Mornington Peninsula Shire is calling for a ban on taking giant spider crabs during their annual moult between May and June in southern Port Phillip.
“In the past couple of years we’ve witnessed hundreds of people congregating on Rye pier to lower their crab nets and catch countless numbers of crabs,” Mayor Despi O’Connor said yesterday. “The chicken carcasses and other food sources used to attract the crabs has resulted in significant pollution in the water and on the foreshore, which is unacceptable. With the annual aggregation event about to happen, we are urgently calling on the Victorian Fisheries Authority and (relevant ministers) to implement an exclusion zone to protect the crabs and this unique occurrence. As a major stakeholder in the management of the Rye foreshore, we echo the community’s concerns about the crabs and urge the government to protect them.”
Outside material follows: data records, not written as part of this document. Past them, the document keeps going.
lemma index_code_determined_by_coded:
  assumes code: "is_index_code n A S M l E D" and same: "\<forall>s<S. E s x = E s y"
    and agree: "\<forall>i. i \<notin> coded \<longrightarrow> x i = y i"
  shows "x = y"
proof (rule ccontr)
  assume "x \<noteq> y"
  then obtain v where "x v \<noteq> y v" by auto
  then have "v \<in> coded" using agree by auto
  then have "v < n" unfolding coded_def non_leaves_def by auto
  then have "A\<^sup>* `` {v} \<subseteq> {0..<n}" using rtrancl_bounded_arcs[OF arcs] by auto
  then have "finite (A\<^sup>* `` {v})" by (rule finite_subset) simp
  then obtain w where vw: "(v, w) \<in> A\<^sup>*" and terminal: "\<And>u. (w, u) \<in> A\<^sup>* \<Longrightarrow> (u, w) \<in> A\<^sup>*"
    by (rule reachable_terminal_vertex) blast
  have differ: "x w \<noteq> y w"
    using index_code_propagates_agreement[OF code arcs same vw] \<open>x v \<noteq> y v\<close> by blast
  then have "w \<in> non_leaves" using agree unfolding coded_def by blast
  then obtain w' where "(w, w') \<in> A" and "w < n" unfolding non_leaves_def by auto
  let ?C = "A\<^sup>* `` {w}"
  have leaf: "is_leaf_scc n A ?C"
    using terminal_reach_is_leaf_scc[OF arcs no_loops \<open>(w, w') \<in> A\<close> terminal] .
  have bounded: "?C \<subseteq> {0..<n}" using rtrancl_bounded_arcs[OF arcs _ \<open>w < n\<close>] by auto
  have "owner c = owner w" if "c \<in> ?C" for c
    using owner_reachable_from_disagreement[OF code same differ] that bounded by auto
  then have "msg_connected S M ?C"
    by (intro same_owner_msg_connected[OF bounded] ballI) metis
  then have "?C \<in> conn_leaf_sccs" unfolding conn_leaf_sccs_def using leaf by blast
  then have "Min ?C \<notin> coded" and "(w, Min ?C) \<in> A\<^sup>*"
    unfolding coded_def using Min_conn_leaf_scc by auto
  then show False
    using agree differ index_code_propagates_agreement[OF code arcs same] by blast
qed

lemma card_coded_le_length:
  assumes code: "is_index_code n A S M l E D"
  shows "card coded \<le> (\<Sum>s<S. l s)"
  using index_code_length_ge_card[OF code finite_coded]
    index_code_determined_by_coded[OF code] by blast

definition rep :: "nat \<Rightarrow> nat" where
  "rep j = Min (THE C. C \<in> conn_leaf_sccs \<and> j \<in> C)"

lemma rep_eq:
  assumes "C \<in> conn_leaf_sccs" and "j \<in> C" shows "rep j = Min C"
proof -
  have "(THE C. C \<in> conn_leaf_sccs \<and> j \<in> C) = C"
    by (rule the_equality) (use assms conn_leaf_sccs_disjoint in auto)
  then show ?thesis unfolding rep_def by simp
qed

definition offset :: "(nat \<Rightarrow> bool) \<Rightarrow> nat \<Rightarrow> bool" where
  "offset x j \<longleftrightarrow> j \<in> \<Union>conn_leaf_sccs \<and> x (rep j)"

definition coded_by :: "nat \<Rightarrow> nat list" where
  "coded_by s = sorted_list_of_set {j \<in> coded. j \<in> M s}"

definition encode :: "nat \<Rightarrow> (nat \<Rightarrow> bool) \<Rightarrow> bool list" where
  "encode s x = map (\<lambda>j. x j \<noteq> offset x j) (coded_by s)"

definition read :: "bool list list \<Rightarrow> nat \<Rightarrow> bool" where
  "read cws j \<longleftrightarrow> j \<in> coded \<and> the (map_of (zip (coded_by (owner j)) (cws ! owner j)) j)"

text \<open>A receiver in a message-connected leaf SCC requests only messages of that SCC, and it
  recovers the value at the representative \<open>rep\<close> from its own message and its own received bit.\<close>
definition decode :: "nat \<Rightarrow> bool list list \<Rightarrow> bool \<Rightarrow> nat \<Rightarrow> bool" where
  "decode i cws xi j \<longleftrightarrow> read cws j \<noteq> (j \<in> \<Union>conn_leaf_sccs \<and> (xi \<noteq> read cws i))"
(* For $a\in\mathbb{R}$, let $f_a$ be the solution of the radial Loewner PDE $$\frac{\partial f}{\partial t}(z,t)=-z f'(z,t)\,\frac{e^{iat}+z}{e^{iat}-z},\qquad f(z,0)=z,\quad (z,t)\in\mathbb{D}\times[0,\infty).$$ Then for every $t\ge0$, $f_a(\cdot,t)\to h(\cdot,t)$ locally uniformly in $\mathbb{D}$ as $a\to\infty$, where $h(z,t)=ze^{-t}$.
   Context: $\mathbb{D}$ is the unit disc and $f'=\partial f/\partial z$. *)

theory Defs
  imports "HOL-Complex_Analysis.Complex_Analysis"
begin

text \<open>f is a solution of the radial Loewner PDE with driving point exp(i a t):
  df/dt (z,t) = - z f'(z,t) (e^{iat}+z)/(e^{iat}-z), f(z,0) = z, on D x [0,oo).
  Regularity: f jointly continuous, holomorphic in z for each t, differentiable in t
  (one-sided at t = 0). This makes the solution unique.\<close>
definition loewner_sol :: "real \<Rightarrow> (complex \<Rightarrow> real \<Rightarrow> complex) \<Rightarrow> bool" where
  "loewner_sol a f \<longleftrightarrow>
     continuous_on (ball 0 1 \<times> {0..}) (\<lambda>(z,t). f z t) \<and>
     (\<forall>t\<ge>0. (\<lambda>z. f z t) holomorphic_on ball 0 1) \<and>
     (\<forall>z\<in>ball 0 1. f z 0 = z) \<and>
     (\<forall>z\<in>ball 0 1. \<forall>t\<ge>0.
        ((\<lambda>s. f z s) has_vector_derivative
           (- z * deriv (\<lambda>w. f w t) z *
              ((exp (\<i> * of_real (a * t)) + z) / (exp (\<i> * of_real (a * t)) - z))))
        (at t within {0..}))"

end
The Shire has previously written to the State Government and the VFA to share community concerns regarding the increased level of human interference in the annual moult around Rye and Blairgowrie. The VFA subsequently temporarily reduced the catch limit from 30 to 15, but the Shire wants a seasonal no-take zone imposed exclusively for the crabs similar to one imposed to protect rays in Port Phillip. It is also working with the Peninsula’s Spider Crab Alliance, which highlights concerns surrounding the crabbing and netting of crabs during their moult. The SCA has scheduled a community information session at 2pm next Sunday, June 6, at the Rye Scout Hall subject to COVID-19 restrictions.
Deputy Mayor Sarah Race said naturalist Sir David Attenborough recognised the importance of the event when he documented the annual moult as part of his Blue Planet series. “In this spirit, we want to protect the crabs so people can witness the wonders of nature, not harm the crab population and risk the future of this species and the local ecosystem,” Cr Race said. “Let’s celebrate the crabs, not decimate them.”